If your language is too simplistic, essential complexity will just live in your ad hoc program instead, which is objectively worse. Especially that you will realize it later that you are missing some core utils and have to patch it up (e.g. generics in case of go).

There are dynamic languages with zero compile times, but Java builds just as fast for me as Go and it is a much more expressive language than Go, which is a shame.


> If your language is too simplistic, essential complexity will just live in your ad hoc program instead, which is objectively worse.

Not from my experience. Go is a breath of fresh air in this over-engineered complex industry.

Go promotes simplicity and speed, and so does V.


Agree to disagree here :)

Not every program is a basic CLI app with 3 network requests, and the only tool we have against complexity is abstractions.


Most of the stuff we use is written in C. Which is even smaller than Go.

You don't need complex langs to write software.


Uh, C is not really small nowadays. ISO C specification is about 200 pages long even without all the library. (It's hard to compare directly, but Go is probably around 50~100 pages long when formatted similarly.) C could have been small enough, but ISO C is not.


Also, most of what? Besides OSs, tiny tools, DBs and embedded, C is not used all that much. Where truly high performance is required, the de facto language of choice is C++ (see e.g. browsers) and business applications (which are the most numerous) are definitely not written in C in most cases.


Most of the stuff we use was written in C89 and even older versions :)


A big reason I'd go back to V would be simply to complete the job I left undone by not learning it.

I'm intrigued that you compared V to D. I'm a huge fan of D, and I'd be interested in hearing why you made that comparison.


I like how you can translate any C program to V automatically.


Yep! Here's DOOM translated from C to V:

https://www.youtube.com/watch?v=6oXrz3oRoEg


Some C programs, not all. For example Andy Sloane’s donut.c. Granted, it is beautifully obfuscated but still, it uses just standard C features.

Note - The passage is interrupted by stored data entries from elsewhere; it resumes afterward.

lemma vnorm2_add_le:
  assumes "(a::real vec) \<in> carrier_vec n" "b \<in> carrier_vec n"
  shows "vnorm2 (a + b) \<le> vnorm2 a + vnorm2 b"
proof (rule vnorm2_le_if_power2_le)
  have "(a + b) \<bullet> (a + b) = a \<bullet> a + 2 * (a \<bullet> b) + b \<bullet> b"
    using assms by (simp add: scalar_prod_add_distrib add_scalar_prod_distrib comm_scalar_prod[of b n a])
  also have "\<dots> \<le> (vnorm2 a + vnorm2 b)^2"
    using abs_scalar_prod_le_vnorm2[OF assms] by (simp add: power2_sum power2_vnorm2[symmetric])
  finally show "(a + b) \<bullet> (a + b) \<le> (vnorm2 a + vnorm2 b)^2" .
qed (simp add: vnorm2_nonneg add_nonneg_nonneg)

lemma vnorm2_diff_le:
  assumes "(a::real vec) \<in> carrier_vec n" "b \<in> carrier_vec n"
  shows "vnorm2 (a - b) \<le> vnorm2 a + vnorm2 b"
proof -
  have "a - b = a + (-1) \<cdot>\<^sub>v b" using assms by (intro eq_vecI) auto
  thus ?thesis using vnorm2_add_le[OF assms(1), of "(-1) \<cdot>\<^sub>v b"] assms(2) by (simp add: vnorm2_smult)
qed

lemma vnorm2_le_if_entrywise_le:
  assumes a: "(a::real vec) \<in> carrier_vec n" and b: "b \<in> carrier_vec n" and k: "k \<ge> 0"
    and le: "\<And>i. i < n \<Longrightarrow> \<bar>a $ i\<bar> \<le> k * \<bar>b $ i\<bar>"
  shows "vnorm2 a \<le> k * vnorm2 b"
proof (rule vnorm2_le_if_power2_le)
  have "a \<bullet> a = (\<Sum>i<n. \<bar>a $ i\<bar>^2)"
    using a unfolding scalar_prod_def by (simp add: atLeast0LessThan power2_eq_square)
  also have "\<dots> \<le> (\<Sum>i<n. (k * \<bar>b $ i\<bar>)^2)"
    using le by (intro sum_mono power_mono) auto
  also have "\<dots> = (k * vnorm2 b)^2"
    using b unfolding power_mult_distrib power2_vnorm2 scalar_prod_def
    by (simp add: atLeast0LessThan sum_distrib_left power2_eq_square)
  finally show "a \<bullet> a \<le> (k * vnorm2 b)^2" .
qed (simp add: k vnorm2_nonneg)

section \<open>Matrices as operators on Euclidean space\<close>

lemma scalar_prod_transpose:
  assumes "(A::real mat) \<in> carrier_mat m n" "x \<in> carrier_vec m" "y \<in> carrier_vec n"
  shows "x \<bullet> (A *\<^sub>v y) = (transpose_mat A *\<^sub>v x) \<bullet> y"
  using transpose_vec_mult_scalar[OF assms(1,3,2)] by simp

lemma sym_mat_scalar_prod_move:
  assumes "(A::real mat) \<in> carrier_mat n n" "transpose_mat A = A" "x \<in> carrier_vec n" "y \<in> carrier_vec n"
  shows "x \<bullet> (A *\<^sub>v y) = (A *\<^sub>v x) \<bullet> y"
  using scalar_prod_transpose[OF assms(1,3,4)] assms(2) by simp

lemma sym_mat_scalar_prod_comm:
  assumes A: "(A::real mat) \<in> carrier_mat n n" and "transpose_mat A = A"
    and x: "x \<in> carrier_vec n" and y: "y \<in> carrier_vec n"
  shows "x \<bullet> (A *\<^sub>v y) = y \<bullet> (A *\<^sub>v x)"
  using sym_mat_scalar_prod_move[OF assms] comm_scalar_prod[of "A *\<^sub>v x" n y] A x y by simp

lemma gram_scalar_prod:
  assumes G: "(G::real mat) \<in> carrier_mat p q" and y: "y \<in> carrier_vec q"
  shows "y \<bullet> ((transpose_mat G * G) *\<^sub>v y) = (G *\<^sub>v y) \<bullet> (G *\<^sub>v y)"
  using scalar_prod_transpose[of "transpose_mat G" q p y "G *\<^sub>v y"] G y by auto

lemma mat_entry_eq_scalar_prod_unit_vec:
  assumes M: "(M::real mat) \<in> carrier_mat n n" and j: "j < n" and k: "k < n"
  shows "M $$ (j,k) = unit_vec n j \<bullet> (M *\<^sub>v unit_vec n k)"
  using M j k by (simp add: scalar_prod_right_unit)

lemma diagonal_mat_mult_vec:
  assumes D: "(D::real mat) \<in> carrier_mat n n" and d: "diagonal_mat D" and w: "w \<in> carrier_vec n"
  shows "D *\<^sub>v w = vec n (\<lambda>i. D $$ (i,i) * w $ i)"
proof (rule eq_vecI)
  fix i assume "i < dim_vec (vec n (\<lambda>i. D $$ (i,i) * w $ i))"
  hence i: "i < n" by simp
  have "(D *\<^sub>v w) $ i = (\<Sum>j\<in>{0..<n}. D $$ (i,j) * w $ j)"
    using D w i by (simp add: scalar_prod_def)
  also have "\<dots> = D $$ (i,i) * w $ i"
    by (subst sum.remove[of _ i]) (use d D i in \<open>auto simp: diagonal_mat_def intro!: sum.neutral\<close>)
  finally show "(D *\<^sub>v w) $ i = vec n (\<lambda>i. D $$ (i,i) * w $ i) $ i" using i by simp
qed (use D in auto)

https://www.a1k0n.net/2006/09/15/obfuscated-c-donut.html


> Why?

Not understanding the need to be dismissive of someone else's plans. Part of the fun of programming is checking things out, if we maintain an open-mind.

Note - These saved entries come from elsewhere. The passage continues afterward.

(* Let $q(y,z|x)$ be a discrete memoryless broadcast channel with capacity region $\mathcal C$, and let $\lambda_0,\lambda_1,\lambda_2$ be real numbers with $\lambda_0\ge\lambda_1+\lambda_2$. Then the maximum of $\lambda_0R_0+\lambda_1R_1+\lambda_2R_2$ over $(R_0,R_1,R_2)\in\mathcal C$ is attained at some triple with $R_1=0$ or $R_2=0$.
   Context: A two-receiver discrete memoryless broadcast channel has finite alphabets $\mathcal X,\mathcal Y,\mathcal Z$ and transition law $q(y,z|x)$. A rate triple $(R_0,R_1,R_2)$ (common message rate to both receivers, private rate to receiver $Y$, private rate to receiver $Z$) is achievable if for every $\epsilon>0$ and all large $n$ there is a length-$n$ code with those rates and average error probability at most $\epsilon$; $\mathcal C$ is the closure of the set of achievable triples. *)

theory Defs
  imports "HOL-Probability.Probability"
begin

text \<open>Length-n sequences are functions nat \<Rightarrow> _ of which only the
 values at 0..n-1 matter (output sequences range over PiE {..<n}).\<close>

definition msg_size :: "nat \<Rightarrow> real \<Rightarrow> nat" where
  "msg_size n R = nat \<lceil>2 powr (real n * R)\<rceil>"

definition bc_prob ::
  "('x \<Rightarrow> ('y::finite \<times> 'z::finite) pmf) \<Rightarrow> nat \<Rightarrow> (nat \<Rightarrow> 'x)
     \<Rightarrow> ((nat \<Rightarrow> 'y) \<Rightarrow> (nat \<Rightarrow> 'z) \<Rightarrow> bool) \<Rightarrow> real" where
  "bc_prob q n x E =
     (\<Sum>y\<in>PiE {..<n} (\<lambda>_. UNIV). \<Sum>z\<in>PiE {..<n} (\<lambda>_. UNIV).
        (if E y z then (\<Prod>i<n. pmf (q (x i)) (y i, z i)) else 0))"

definition bc_avg_error ::
  "('x \<Rightarrow> ('y::finite \<times> 'z::finite) pmf) \<Rightarrow> nat \<Rightarrow> nat \<Rightarrow> nat \<Rightarrow> nat
     \<Rightarrow> (nat \<times> nat \<times> nat \<Rightarrow> (nat \<Rightarrow> 'x))
     \<Rightarrow> ((nat \<Rightarrow> 'y) \<Rightarrow> nat \<times> nat) \<Rightarrow> ((nat \<Rightarrow> 'z) \<Rightarrow> nat \<times> nat) \<Rightarrow> real" where
  "bc_avg_error q n M0 M1 M2 f g1 g2 =
     (\<Sum>m0<M0. \<Sum>m1<M1. \<Sum>m2<M2.
        bc_prob q n (f (m0, m1, m2))
          (\<lambda>y z. g1 y \<noteq> (m0, m1) \<or> g2 z \<noteq> (m0, m2)))
     / real (M0 * M1 * M2)"

definition bc_achievable ::
  "('x::finite \<Rightarrow> ('y::finite \<times> 'z::finite) pmf) \<Rightarrow> real \<times> real \<times> real \<Rightarrow> bool" where
  "bc_achievable q R =
     (case R of (R0, R1, R2) \<Rightarrow>
       R0 \<ge> 0 \<and> R1 \<ge> 0 \<and> R2 \<ge> 0 \<and>
       (\<forall>\<epsilon>>0. \<exists>N. \<forall>n\<ge>N. \<exists>f g1 g2.
          bc_avg_error q n (msg_size n R0) (msg_size n R1) (msg_size n R2) f g1 g2 \<le> \<epsilon>))"

definition bc_capacity_region ::
  "('x::finite \<Rightarrow> ('y::finite \<times> 'z::finite) pmf) \<Rightarrow> (real \<times> real \<times> real) set" where
  "bc_capacity_region q = closure {R. bc_achievable q R}"

end

theory Submission
  imports Defs
begin

text \<open>The capacity region is compact: by a counting argument a code with average error at
  most 1/2 has at most about \<open>(|Y||Z|)\<^sup>n\<close> pairs \<open>(m0, m1)\<close> and as many pairs \<open>(m0, m2)\<close>,
  so \<open>R0 + R1\<close> and \<open>R0 + R2\<close> are bounded. It is also closed under moving \<open>t = min R1 R2\<close>
  from both private rates to the common rate: part of a common message can be carried by both
  private messages at once. Hence the linear functional attains its maximum on the region, and
  moving \<open>t\<close> at a maximiser changes the value by \<open>t (\<lambda>0 - \<lambda>1 - \<lambda>2) \<ge> 0\<close> while making one
  private rate vanish.\<close>

lemma bc_prob_mono:
  assumes "\<And>y z. E y z \<Longrightarrow> F y z"
  shows "bc_prob q n x E \<le> bc_prob q n x F"
  unfolding bc_prob_def using assms by (intro sum_mono) (auto simp: prod_nonneg)

lemma bc_prob_le_card:
  fixes q :: "'x \<Rightarrow> ('y::finite \<times> 'z::finite) pmf"
  shows "bc_prob q n x E \<le>
     real (card {w \<in> PiE {..<n} (\<lambda>_. UNIV) \<times> PiE {..<n} (\<lambda>_. UNIV). E (fst w) (snd w)})"
proof -
  define \<Omega> where "\<Omega> = PiE {..<n} (\<lambda>_. UNIV :: 'y set) \<times> PiE {..<n} (\<lambda>_. UNIV :: 'z set)"
  have "bc_prob q n x E \<le> (\<Sum>y\<in>PiE {..<n} (\<lambda>_. UNIV). \<Sum>z\<in>PiE {..<n} (\<lambda>_. UNIV).
          if E y z then 1 else 0)"
    unfolding bc_prob_def
    by (intro sum_mono) (simp add: prod_le_1 pmf_le_1)
  also have "\<dots> = (\<Sum>w\<in>\<Omega>. if E (fst w) (snd w) then 1 else 0)"
    unfolding \<Omega>_def sum.cartesian_product' by simp
  also have "\<dots> = real (card {w \<in> \<Omega>. E (fst w) (snd w)})"
    by (simp add: \<Omega>_def finite_PiE sum.inter_filter[symmetric])
  finally show ?thesis unfolding \<Omega>_def .
qed

lemma bc_prob_True: "bc_prob q n x (\<lambda>_ _. True) = 1"
proof -
  have "bc_prob q n x (\<lambda>_ _. True)
      = (\<Sum>y\<in>PiE {..<n} (\<lambda>_. UNIV). \<Prod>i<n. \<Sum>w\<in>UNIV. pmf (q (x i)) (y i, w))"
    unfolding bc_prob_def
    by (intro sum.cong refl)
       (use prod_sum_PiE[of "{..<n}" "\<lambda>_. UNIV" "\<lambda>i w. pmf (q (x i)) (y i, w)" for y] in simp)
  also have "\<dots> = (\<Prod>i<n. \<Sum>u\<in>UNIV. \<Sum>w\<in>UNIV. pmf (q (x i)) (u, w))"
    using prod_sum_PiE[of "{..<n}" "\<lambda>_. UNIV" "\<lambda>i u. \<Sum>w\<in>UNIV. pmf (q (x i)) (u, w)"] by simp
  also have "\<dots> = 1"
    by (simp add: sum.cartesian_product sum_pmf_eq_1)
  finally show ?thesis .
qed

lemma bc_prob_Not: "bc_prob q n x (\<lambda>y z. \<not> E y z) = 1 - bc_prob q n x E"
proof -
  have "bc_prob q n x E + bc_prob q n x (\<lambda>y z. \<not> E y z) = bc_prob q n x (\<lambda>_ _. True)"
    unfolding bc_prob_def sum.distrib[symmetric] by (intro sum.cong refl) auto
  thus ?thesis by (simp add: bc_prob_True)
qed

lemma msg_size_eq: "real (msg_size n R) = of_int \<lceil>2 powr (real n * R)\<rceil>"
  unfolding msg_size_def by simp

lemma msg_size_ge: "2 powr (real n * R) \<le> real (msg_size n R)"
  unfolding msg_size_eq by linarith

lemma msg_size_less: "real (msg_size n R) < 2 powr (real n * R) + 1"
  unfolding msg_size_eq by linarith

lemma msg_size_pos: "0 < msg_size n R"
proof -
  have "0 < real (msg_size n R)"
    using msg_size_ge[of n R] powr_gt_zero[of 2 "real n * R"] by linarith
  thus ?thesis by simp
qed

lemma sum_card_fibres_le:
  assumes "finite \<Omega>" "finite A"
  shows "(\<Sum>m\<in>A. card {w \<in> \<Omega>. h w = m}) \<le> card \<Omega>"
proof -
  have "(\<Sum>m\<in>A. card {w \<in> \<Omega>. h w = m}) = card (\<Union>m\<in>A. {w \<in> \<Omega>. h w = m})"
    using assms by (intro card_UN_disjoint[symmetric]) auto
  also have "\<dots> \<le> card \<Omega>"
    using assms by (intro card_mono) auto
  finally show ?thesis .
qed

text \<open>Receiver \<open>Y\<close> decodes \<open>(m0, m1)\<close> only on the output pairs that \<open>g1\<close> maps to it, and
  these have probability at most 1 each; the decoding sets of distinct pairs are disjoint.\<close>
lemma bc_code_common_private_size_le:
  fixes q :: "'x \<Rightarrow> ('y::finite \<times> 'z::finite) pmf"
  assumes small_error: "bc_avg_error q n M0 M1 M2 f g1 g2 \<le> 1/2" and M2: "0 < M2"
    and M01: "0 < M0 * M1"
  shows "real (M0 * M1) \<le> 2 * real (CARD('y) * CARD('z)) ^ n"
proof -
  define \<Omega> where "\<Omega> = PiE {..<n} (\<lambda>_. UNIV :: 'y set) \<times> PiE {..<n} (\<lambda>_. UNIV :: 'z set)"
  define hit where "hit m0 m1 = real (card {w \<in> \<Omega>. g1 (fst w) = (m0, m1)})" for m0 m1
  define err where "err m0 m1 m2 = bc_prob q n (f (m0, m1, m2))
    (\<lambda>y z. g1 y \<noteq> (m0, m1) \<or> g2 z \<noteq> (m0, m2))" for m0 m1 m2
  have M: "0 < real (M0 * M1 * M2)" using M2 M01 by simp
  have few_errors: "(\<Sum>m0<M0. \<Sum>m1<M1. \<Sum>m2<M2. err m0 m1 m2) \<le> real (M0 * M1 * M2) / 2"
    using small_error M by (simp add: bc_avg_error_def err_def divide_le_eq mult.commute)
  have decoded: "1 - err m0 m1 m2 \<le> hit m0 m1" for m0 m1 m2
  proof -
    have "1 - err m0 m1 m2 = bc_prob q n (f (m0, m1, m2))
      (\<lambda>y z. \<not> (g1 y \<noteq> (m0, m1) \<or> g2 z \<noteq> (m0, m2)))"
      unfolding err_def by (rule bc_prob_Not[symmetric])
    also have "\<dots> \<le> bc_prob q n (f (m0, m1, m2)) (\<lambda>y z. g1 y = (m0, m1))"
      by (rule bc_prob_mono) auto
    also have "\<dots> \<le> hit m0 m1"
      unfolding hit_def \<Omega>_def by (rule bc_prob_le_card)
    finally show ?thesis .
  qed
  have "real (M0 * M1 * M2) - (\<Sum>m0<M0. \<Sum>m1<M1. \<Sum>m2<M2. err m0 m1 m2)
      = (\<Sum>m0<M0. \<Sum>m1<M1. \<Sum>m2<M2. 1 - err m0 m1 m2)"
    by (simp add: sum_subtractf)
  also have "\<dots> \<le> (\<Sum>m0<M0. \<Sum>m1<M1. \<Sum>m2<M2. hit m0 m1)"
    by (intro sum_mono decoded)
  also have "\<dots> = real M2 * (\<Sum>m0<M0. \<Sum>m1<M1. hit m0 m1)"
    by (simp add: sum_distrib_left)
  finally have "real (M0 * M1 * M2) - (\<Sum>m0<M0. \<Sum>m1<M1. \<Sum>m2<M2. err m0 m1 m2)
      \<le> real M2 * (\<Sum>m0<M0. \<Sum>m1<M1. hit m0 m1)" .
  moreover have "real M2 * (\<Sum>m0<M0. \<Sum>m1<M1. hit m0 m1) \<le> real M2 * real (card \<Omega>)"
  proof (rule mult_left_mono)
    have "(\<Sum>m0<M0. \<Sum>m1<M1. hit m0 m1)
        = real (\<Sum>m\<in>{..<M0} \<times> {..<M1}. card {w \<in> \<Omega>. g1 (fst w) = m})"
      by (simp add: hit_def sum.cartesian_product' case_prod_beta)
    also have "\<dots> \<le> real (card \<Omega>)"
      unfolding of_nat_le_iff by (rule sum_card_fibres_le) (simp_all add: \<Omega>_def finite_PiE)
    finally show "(\<Sum>m0<M0. \<Sum>m1<M1. hit m0 m1) \<le> real (card \<Omega>)" .
  qed simp
  moreover have "real (M0 * M1 * M2) = real M2 * real (M0 * M1)" by simp
  ultimately have "real M2 * real (M0 * M1) \<le> real M2 * (2 * real (card \<Omega>))"
    using few_errors by linarith
  moreover have "card \<Omega> = (CARD('y) * CARD('z)) ^ n"
    by (simp add: \<Omega>_def card_cartesian_product card_PiE power_mult_distrib)
  ultimately show ?thesis using M2 by simp
qed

> this language has literally no unique attributes that would make it different than D or Go, so you won’t improve as a developer from it at all...

Such a statement can be perceived as highly inflammatory. V clearly has different features from D and Go. Additionally, V is among the most popular programming languages on GitHub[1], based on stars. And has been so for some years now. Other people clearly use and experiment with it. What you and I like, doesn't mean that others don't or can't have different preferences.

[1] https://ossinsight.io/collections/programming-language/


> V clearly has different features from D and Go

Such as? I’m open to changing my mind, but didn’t see anything notable on the official website’s listed differences between V and Go.

> Additionally, V is among the most popular programming languages on GitHub

Come on, not even you believe that! There are clearly more projects written in goddamn Coq out there than V, it is such a niche language currently..


I'm fairly familiar with both V and D (even made some minor contributions to the V compiler), and I can't think of a single notable feature that isn't also available in D. V has a more modern and straightforward syntax, but that's the only major advantage imo. In terms of what you can _do_, I'm pretty sure D is almost strictly more powerful.

V can produce JavaScript, and it has an interpreter, but those are pretty experimental features. V has built in markup templates (like Mustache but worse), basic built in JSON reflection (D's CTFE can implement this), and built in portable inline SQL (for some reason), but that might be less desirable than targeting one specific ORM with its entire feature set. V also has a built in Sokol shader compiler, and can run `.vsh` files in a special script mode that works very slightly differently than normal V, but those aren't exactly killer features compared to D imo.


I have one. It's not OOP :)


>V is among the most popular programming languages on GitHub

To note, refereed link is only about the language repo and not as language used for making projects.